■ **Action item**:
Only one span of the listing below is wanted: the lines from the one with "n) (1\<^sub>m 1) *" through the one with "ultimately show False", reproduced exactly, both ends kept.

[Opening Data supplied section]

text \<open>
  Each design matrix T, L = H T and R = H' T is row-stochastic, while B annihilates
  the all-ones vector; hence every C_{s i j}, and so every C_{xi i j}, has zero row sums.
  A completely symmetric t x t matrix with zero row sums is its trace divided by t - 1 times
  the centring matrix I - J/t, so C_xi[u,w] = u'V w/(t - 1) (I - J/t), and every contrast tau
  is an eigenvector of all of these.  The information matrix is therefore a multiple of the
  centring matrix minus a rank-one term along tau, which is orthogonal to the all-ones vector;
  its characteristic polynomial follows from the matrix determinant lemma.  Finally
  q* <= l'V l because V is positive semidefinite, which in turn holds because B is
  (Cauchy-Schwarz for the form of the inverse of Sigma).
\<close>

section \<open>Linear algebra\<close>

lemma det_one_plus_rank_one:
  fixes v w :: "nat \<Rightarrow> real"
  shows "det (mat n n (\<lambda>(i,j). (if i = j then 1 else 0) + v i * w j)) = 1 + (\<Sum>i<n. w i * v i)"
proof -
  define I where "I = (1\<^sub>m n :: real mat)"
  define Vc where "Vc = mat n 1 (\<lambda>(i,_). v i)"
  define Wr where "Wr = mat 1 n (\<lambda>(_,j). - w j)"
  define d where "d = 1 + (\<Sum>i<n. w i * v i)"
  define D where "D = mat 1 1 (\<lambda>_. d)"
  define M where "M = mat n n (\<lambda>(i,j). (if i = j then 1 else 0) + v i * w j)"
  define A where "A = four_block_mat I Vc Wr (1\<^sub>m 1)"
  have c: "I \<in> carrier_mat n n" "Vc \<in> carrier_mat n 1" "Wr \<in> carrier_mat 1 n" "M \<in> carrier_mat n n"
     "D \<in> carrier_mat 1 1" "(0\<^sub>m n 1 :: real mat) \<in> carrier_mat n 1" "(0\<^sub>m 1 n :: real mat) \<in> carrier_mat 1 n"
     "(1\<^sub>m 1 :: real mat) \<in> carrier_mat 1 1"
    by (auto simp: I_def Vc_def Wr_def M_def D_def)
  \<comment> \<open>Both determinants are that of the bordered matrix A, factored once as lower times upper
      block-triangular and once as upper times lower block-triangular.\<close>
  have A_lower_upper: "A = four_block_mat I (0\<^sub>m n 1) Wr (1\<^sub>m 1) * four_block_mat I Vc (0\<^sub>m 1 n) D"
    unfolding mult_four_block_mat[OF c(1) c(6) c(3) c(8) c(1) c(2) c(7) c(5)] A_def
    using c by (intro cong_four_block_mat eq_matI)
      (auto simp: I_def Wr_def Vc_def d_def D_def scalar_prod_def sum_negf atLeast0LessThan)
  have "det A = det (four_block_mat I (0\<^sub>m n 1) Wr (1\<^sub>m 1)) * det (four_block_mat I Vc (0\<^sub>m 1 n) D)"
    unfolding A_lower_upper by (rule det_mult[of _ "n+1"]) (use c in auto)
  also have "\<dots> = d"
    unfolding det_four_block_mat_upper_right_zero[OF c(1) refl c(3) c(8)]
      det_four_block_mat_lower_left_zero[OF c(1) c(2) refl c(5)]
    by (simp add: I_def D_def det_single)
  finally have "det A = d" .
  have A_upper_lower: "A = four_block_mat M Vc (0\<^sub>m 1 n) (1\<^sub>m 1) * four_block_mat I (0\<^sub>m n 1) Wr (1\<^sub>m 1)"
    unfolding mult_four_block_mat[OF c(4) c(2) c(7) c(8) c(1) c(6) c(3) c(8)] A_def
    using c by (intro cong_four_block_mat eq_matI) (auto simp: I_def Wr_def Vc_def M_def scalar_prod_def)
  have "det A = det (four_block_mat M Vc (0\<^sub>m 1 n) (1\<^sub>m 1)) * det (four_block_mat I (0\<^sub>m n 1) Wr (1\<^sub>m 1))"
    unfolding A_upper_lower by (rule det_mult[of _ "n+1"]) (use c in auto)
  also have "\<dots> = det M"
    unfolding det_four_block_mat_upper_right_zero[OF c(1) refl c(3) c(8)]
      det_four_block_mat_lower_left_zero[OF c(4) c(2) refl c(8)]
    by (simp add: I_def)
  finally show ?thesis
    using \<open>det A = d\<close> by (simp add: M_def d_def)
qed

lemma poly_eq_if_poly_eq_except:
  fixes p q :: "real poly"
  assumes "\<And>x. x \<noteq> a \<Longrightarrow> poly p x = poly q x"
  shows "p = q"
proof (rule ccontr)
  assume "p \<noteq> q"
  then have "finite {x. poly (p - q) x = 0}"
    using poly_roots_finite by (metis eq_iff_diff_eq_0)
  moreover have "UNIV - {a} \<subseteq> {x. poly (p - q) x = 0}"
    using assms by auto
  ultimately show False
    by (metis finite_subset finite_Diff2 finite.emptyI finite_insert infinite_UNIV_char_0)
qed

[Closing Data supplied section]
[Opening Data supplied section]

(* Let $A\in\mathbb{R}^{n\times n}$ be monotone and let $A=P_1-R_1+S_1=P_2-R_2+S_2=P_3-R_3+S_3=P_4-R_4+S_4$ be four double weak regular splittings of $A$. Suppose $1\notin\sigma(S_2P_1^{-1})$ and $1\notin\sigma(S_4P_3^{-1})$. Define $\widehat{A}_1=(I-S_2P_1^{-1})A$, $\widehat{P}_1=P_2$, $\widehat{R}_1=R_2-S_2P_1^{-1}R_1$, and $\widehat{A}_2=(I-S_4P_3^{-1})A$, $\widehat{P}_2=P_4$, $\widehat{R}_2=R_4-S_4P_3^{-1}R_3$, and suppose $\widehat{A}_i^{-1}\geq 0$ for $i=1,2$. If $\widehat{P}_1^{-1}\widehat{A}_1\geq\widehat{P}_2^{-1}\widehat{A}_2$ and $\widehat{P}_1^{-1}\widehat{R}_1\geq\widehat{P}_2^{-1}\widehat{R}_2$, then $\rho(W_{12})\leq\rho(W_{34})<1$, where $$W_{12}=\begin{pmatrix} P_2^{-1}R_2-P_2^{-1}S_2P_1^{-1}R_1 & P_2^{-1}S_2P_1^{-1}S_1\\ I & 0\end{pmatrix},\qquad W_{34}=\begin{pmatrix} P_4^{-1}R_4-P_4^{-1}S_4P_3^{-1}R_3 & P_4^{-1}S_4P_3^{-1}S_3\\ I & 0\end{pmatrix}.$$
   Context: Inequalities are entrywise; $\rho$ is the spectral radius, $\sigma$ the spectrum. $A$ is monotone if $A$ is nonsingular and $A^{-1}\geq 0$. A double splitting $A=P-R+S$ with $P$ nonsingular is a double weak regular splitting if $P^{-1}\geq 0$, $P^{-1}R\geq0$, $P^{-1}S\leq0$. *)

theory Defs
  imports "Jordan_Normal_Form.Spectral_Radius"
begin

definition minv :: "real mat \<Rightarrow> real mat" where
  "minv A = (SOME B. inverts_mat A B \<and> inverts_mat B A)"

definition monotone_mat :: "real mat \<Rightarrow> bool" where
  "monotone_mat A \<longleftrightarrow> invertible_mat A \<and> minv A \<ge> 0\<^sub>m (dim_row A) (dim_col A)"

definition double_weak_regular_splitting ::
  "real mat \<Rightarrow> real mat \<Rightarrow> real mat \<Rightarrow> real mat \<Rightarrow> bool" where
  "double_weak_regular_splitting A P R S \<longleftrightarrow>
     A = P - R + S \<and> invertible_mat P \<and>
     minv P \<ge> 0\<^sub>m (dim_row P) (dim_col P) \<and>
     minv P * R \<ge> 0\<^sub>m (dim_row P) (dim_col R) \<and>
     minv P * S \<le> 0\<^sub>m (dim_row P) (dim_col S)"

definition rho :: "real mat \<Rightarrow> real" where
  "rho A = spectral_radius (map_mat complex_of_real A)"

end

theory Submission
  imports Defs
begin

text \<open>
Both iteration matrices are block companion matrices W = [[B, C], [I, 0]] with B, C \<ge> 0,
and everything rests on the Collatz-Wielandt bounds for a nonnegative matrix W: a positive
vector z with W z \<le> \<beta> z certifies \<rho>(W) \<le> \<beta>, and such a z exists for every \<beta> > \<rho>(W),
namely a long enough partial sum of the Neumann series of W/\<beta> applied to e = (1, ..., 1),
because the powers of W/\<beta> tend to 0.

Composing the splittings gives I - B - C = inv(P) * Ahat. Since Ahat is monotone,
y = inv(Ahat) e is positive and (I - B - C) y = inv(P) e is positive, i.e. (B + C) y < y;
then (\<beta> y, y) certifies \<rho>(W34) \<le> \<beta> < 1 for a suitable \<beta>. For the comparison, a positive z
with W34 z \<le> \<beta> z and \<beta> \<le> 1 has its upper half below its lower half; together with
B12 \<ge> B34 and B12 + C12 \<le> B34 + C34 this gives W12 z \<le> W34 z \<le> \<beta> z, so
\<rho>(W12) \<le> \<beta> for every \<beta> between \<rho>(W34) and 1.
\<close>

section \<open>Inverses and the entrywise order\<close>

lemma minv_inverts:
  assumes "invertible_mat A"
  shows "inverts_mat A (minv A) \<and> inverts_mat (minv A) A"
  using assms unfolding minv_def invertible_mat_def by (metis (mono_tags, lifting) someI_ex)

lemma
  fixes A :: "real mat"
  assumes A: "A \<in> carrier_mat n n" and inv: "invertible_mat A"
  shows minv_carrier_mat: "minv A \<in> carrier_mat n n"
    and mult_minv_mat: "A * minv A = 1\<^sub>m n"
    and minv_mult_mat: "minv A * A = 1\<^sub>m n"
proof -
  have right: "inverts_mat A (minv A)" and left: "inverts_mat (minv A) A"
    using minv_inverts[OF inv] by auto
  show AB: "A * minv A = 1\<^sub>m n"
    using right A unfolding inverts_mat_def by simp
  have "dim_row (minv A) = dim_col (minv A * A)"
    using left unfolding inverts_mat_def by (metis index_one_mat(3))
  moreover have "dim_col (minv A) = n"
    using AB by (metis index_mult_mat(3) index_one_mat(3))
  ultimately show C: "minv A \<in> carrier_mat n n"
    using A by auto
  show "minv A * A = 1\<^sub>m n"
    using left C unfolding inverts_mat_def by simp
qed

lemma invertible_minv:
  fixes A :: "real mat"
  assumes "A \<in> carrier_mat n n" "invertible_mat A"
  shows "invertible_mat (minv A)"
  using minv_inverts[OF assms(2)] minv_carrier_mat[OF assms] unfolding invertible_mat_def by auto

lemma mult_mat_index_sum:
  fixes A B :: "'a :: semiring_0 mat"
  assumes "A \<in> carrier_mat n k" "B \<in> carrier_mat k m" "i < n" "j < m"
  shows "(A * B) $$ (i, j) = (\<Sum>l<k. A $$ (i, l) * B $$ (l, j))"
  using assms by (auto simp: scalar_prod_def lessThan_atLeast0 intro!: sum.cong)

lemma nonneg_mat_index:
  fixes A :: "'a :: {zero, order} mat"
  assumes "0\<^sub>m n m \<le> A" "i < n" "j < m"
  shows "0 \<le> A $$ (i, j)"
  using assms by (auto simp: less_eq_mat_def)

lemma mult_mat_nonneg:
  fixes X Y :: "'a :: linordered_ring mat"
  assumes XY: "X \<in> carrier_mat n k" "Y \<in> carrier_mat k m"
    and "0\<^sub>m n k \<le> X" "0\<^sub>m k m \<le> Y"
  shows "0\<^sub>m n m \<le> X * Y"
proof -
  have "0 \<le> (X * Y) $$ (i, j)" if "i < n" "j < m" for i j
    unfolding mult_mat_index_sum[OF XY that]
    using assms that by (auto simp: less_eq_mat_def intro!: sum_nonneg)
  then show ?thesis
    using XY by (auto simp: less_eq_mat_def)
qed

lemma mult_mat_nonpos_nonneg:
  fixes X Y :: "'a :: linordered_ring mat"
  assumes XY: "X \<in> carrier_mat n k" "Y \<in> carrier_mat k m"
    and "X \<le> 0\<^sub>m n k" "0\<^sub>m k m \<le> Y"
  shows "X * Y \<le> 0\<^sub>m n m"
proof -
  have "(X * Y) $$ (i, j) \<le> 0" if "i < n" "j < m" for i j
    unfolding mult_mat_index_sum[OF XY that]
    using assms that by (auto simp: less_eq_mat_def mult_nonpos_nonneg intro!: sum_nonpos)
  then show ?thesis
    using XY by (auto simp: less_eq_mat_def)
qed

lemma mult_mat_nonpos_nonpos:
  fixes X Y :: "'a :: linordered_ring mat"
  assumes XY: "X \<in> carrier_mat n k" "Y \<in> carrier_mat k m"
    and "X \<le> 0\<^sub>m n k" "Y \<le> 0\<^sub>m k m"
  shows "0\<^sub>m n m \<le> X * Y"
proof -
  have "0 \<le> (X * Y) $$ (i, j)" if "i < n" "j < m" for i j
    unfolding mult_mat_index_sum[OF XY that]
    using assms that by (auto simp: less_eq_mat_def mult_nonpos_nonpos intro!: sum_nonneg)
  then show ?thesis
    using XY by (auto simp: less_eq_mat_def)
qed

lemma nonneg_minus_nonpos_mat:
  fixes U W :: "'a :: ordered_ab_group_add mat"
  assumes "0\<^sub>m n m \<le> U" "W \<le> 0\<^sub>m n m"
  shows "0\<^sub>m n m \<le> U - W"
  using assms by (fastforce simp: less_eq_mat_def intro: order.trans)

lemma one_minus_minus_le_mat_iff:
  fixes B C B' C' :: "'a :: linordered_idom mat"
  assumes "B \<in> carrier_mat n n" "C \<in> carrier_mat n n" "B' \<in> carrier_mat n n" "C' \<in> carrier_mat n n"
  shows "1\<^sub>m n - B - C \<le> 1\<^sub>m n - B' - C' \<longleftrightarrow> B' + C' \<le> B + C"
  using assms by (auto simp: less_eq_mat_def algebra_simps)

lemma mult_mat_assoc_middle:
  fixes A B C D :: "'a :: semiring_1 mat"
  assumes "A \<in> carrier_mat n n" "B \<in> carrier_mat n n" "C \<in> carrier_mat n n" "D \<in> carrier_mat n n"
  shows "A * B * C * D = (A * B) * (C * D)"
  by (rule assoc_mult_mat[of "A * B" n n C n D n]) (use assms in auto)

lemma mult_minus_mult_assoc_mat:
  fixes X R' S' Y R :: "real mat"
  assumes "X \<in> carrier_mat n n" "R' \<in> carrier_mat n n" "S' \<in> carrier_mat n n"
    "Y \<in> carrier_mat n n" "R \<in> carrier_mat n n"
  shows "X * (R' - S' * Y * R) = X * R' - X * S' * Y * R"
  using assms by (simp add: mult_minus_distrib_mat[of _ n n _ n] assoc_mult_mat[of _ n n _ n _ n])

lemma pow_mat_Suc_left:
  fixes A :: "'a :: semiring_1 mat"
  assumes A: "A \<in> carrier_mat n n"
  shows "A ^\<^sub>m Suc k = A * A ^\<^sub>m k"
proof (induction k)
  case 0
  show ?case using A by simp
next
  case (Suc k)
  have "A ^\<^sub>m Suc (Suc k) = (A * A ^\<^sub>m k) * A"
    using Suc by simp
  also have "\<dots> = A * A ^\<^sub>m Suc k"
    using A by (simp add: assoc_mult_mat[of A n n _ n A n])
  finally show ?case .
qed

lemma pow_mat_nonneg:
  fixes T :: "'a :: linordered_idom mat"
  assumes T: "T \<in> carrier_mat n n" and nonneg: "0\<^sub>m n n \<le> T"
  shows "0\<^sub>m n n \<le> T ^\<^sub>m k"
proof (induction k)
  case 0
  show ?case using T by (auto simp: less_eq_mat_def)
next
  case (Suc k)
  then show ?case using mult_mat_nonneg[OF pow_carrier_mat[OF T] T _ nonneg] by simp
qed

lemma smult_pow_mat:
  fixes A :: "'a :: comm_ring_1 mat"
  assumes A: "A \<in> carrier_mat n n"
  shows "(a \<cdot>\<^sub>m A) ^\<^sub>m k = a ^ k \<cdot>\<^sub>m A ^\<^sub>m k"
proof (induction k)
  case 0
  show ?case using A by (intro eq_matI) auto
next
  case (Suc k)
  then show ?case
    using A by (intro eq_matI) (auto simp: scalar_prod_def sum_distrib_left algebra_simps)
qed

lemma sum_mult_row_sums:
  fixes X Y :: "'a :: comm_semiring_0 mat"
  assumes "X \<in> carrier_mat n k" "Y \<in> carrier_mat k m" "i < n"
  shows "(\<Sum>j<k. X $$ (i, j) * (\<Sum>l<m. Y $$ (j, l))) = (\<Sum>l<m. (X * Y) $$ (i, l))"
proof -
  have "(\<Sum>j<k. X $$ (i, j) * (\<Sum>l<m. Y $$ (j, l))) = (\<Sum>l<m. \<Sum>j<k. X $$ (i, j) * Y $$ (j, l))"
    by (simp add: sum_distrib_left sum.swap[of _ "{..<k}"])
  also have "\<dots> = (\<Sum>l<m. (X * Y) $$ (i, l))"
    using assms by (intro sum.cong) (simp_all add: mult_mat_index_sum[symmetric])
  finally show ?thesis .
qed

[Closing Data supplied section]

■ **Your response**:
  have A_upper_lower: "A = four_block_mat M Vc (0\<^sub>m 1 n) (1\<^sub>m 1) * four_block_mat I (0\<^sub>m n 1) Wr (1\<^sub>m 1)"
    unfolding mult_four_block_mat[OF c(4) c(2) c(7) c(8) c(1) c(6) c(3) c(8)] A_def
    using c by (intro cong_four_block_mat eq_matI) (auto simp: I_def Wr_def Vc_def M_def scalar_prod_def)
  have "det A = det (four_block_mat M Vc (0\<^sub>m 1 n) (1\<^sub>m 1)) * det (four_block_mat I (0\<^sub>m n 1) Wr (1\<^sub>m 1))"
    unfolding A_upper_lower by (rule det_mult[of _ "n+1"]) (use c in auto)
  also have "\<dots> = det M"
    unfolding det_four_block_mat_upper_right_zero[OF c(1) refl c(3) c(8)]
      det_four_block_mat_lower_left_zero[OF c(4) c(2) refl c(8)]
    by (simp add: I_def)
  finally show ?thesis
    using \<open>det A = d\<close> by (simp add: M_def d_def)
qed

lemma poly_eq_if_poly_eq_except:
  fixes p q :: "real poly"
  assumes "\<And>x. x \<noteq> a \<Longrightarrow> poly p x = poly q x"
  shows "p = q"
proof (rule ccontr)
  assume "p \<noteq> q"
  then have "finite {x. poly (p - q) x = 0}"
    using poly_roots_finite by (metis eq_iff_diff_eq_0)
  moreover have "UNIV - {a} \<subseteq> {x. poly (p - q) x = 0}"
    using assms by auto
  ultimately show False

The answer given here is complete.